Advanced: Creating a Custom Authentication Type

Getting an authentication type object is pretty easy whether you know the handle or not.

// Get a list of all types
$types = \Concrete\Core\Authentication\AuthenticationType::getList();

// Get a type by handle
$type = \Concrete\Core\Authentication\AuthenticationType::getByHandle($handle);

// Get a type by the type ID
$type = \Concrete\Core\Authentication\AuthenticationType::getByID($id);

To install an authentication type, make sure you have a controller.php and a form.php for it, and use the static AuthenticationType::add() method.

// Add an authentication type
$type = \Concrete\Core\Authentication\AuthenticationType::add($handle, $name);

And once you're done with it, you can delete it by calling ->delete()

// Delete an authentication type
$type->delete();

In order to use an installed authentication type, it must be enabled. Users can enable an authentication type in their dashboard, but we can do it easily with code as well.

if (!$type->isEnabled()) {
    // Enable an authentication type
    $type->enable();
}

// Then disable it
$type->disable();

Creating an authentication type

Authentication types can be created with as little as a controller.php file and a form.php file for rendering the login form. A fully featured type can also have a type_form.php view file for editing the authentication type from the dashboard and a hook.php view file for displaying a setup form in the users profile page. You may notice that the core "concrete" authentication type includes more files than just those.
For example, in your own custom authentication type that has the handle "custom_type", navigate a browser to /login/custom_type/info to render info.php. The core authentication type uses this functionality to render a forgot password form as well as other things, and the oauth authentication types use this to handle the full oauth authentication flow separately from the standard Concrete CMS login flow.

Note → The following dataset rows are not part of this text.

definition no_zero_run :: "nat \<Rightarrow> 'a::zero list \<Rightarrow> bool" where
  "no_zero_run k y \<longleftrightarrow> (\<forall>p. p + k \<le> length y \<longrightarrow> (\<exists>i<k. y ! (p + i) \<noteq> 0))"

definition run_free_tails :: "nat \<Rightarrow> nat \<Rightarrow> 'a::zero list set" where
  "run_free_tails k r = {y. length y = r \<and> y ! 0 \<noteq> 0 \<and> y ! (r - 1) \<noteq> 0 \<and> no_zero_run k y}"

lemma finite_pattern_words [simp]: "finite (pattern_words r E Z :: 'a::{finite,zero} list set)"
  by (rule finite_subset[OF _ finite_words[of r]]) (auto simp: pattern_words_def words_def)

lemma finite_run_free_tails [simp]: "finite (run_free_tails k r :: 'a::{finite,zero} list set)"
  by (rule finite_subset[OF _ finite_words[of r]]) (auto simp: run_free_tails_def words_def)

Authentication type login form

The authentication type form can be as simple or as complex as you need, your controller will be handling the authentication request so there are few limitations with what an authentication type can do. An authentication type login form is generally located in "form.php", though in some cases you may have the form located in a separate controller action view similar to the way that the core Concrete login displays the forgot password form.

To initiate a standard login flow, a form.php should include an html form that POSTs to /login/authenticate/HANDLE, for example an authentication type with the handle demo will post to /login/authentication/demo to attempt login. A valid authentication request will include a CSRF token generated from the core Token service with the handle being login_typehandle so for example, an authentication type with the handle "demo" will create and send a token with the handle "login_demo".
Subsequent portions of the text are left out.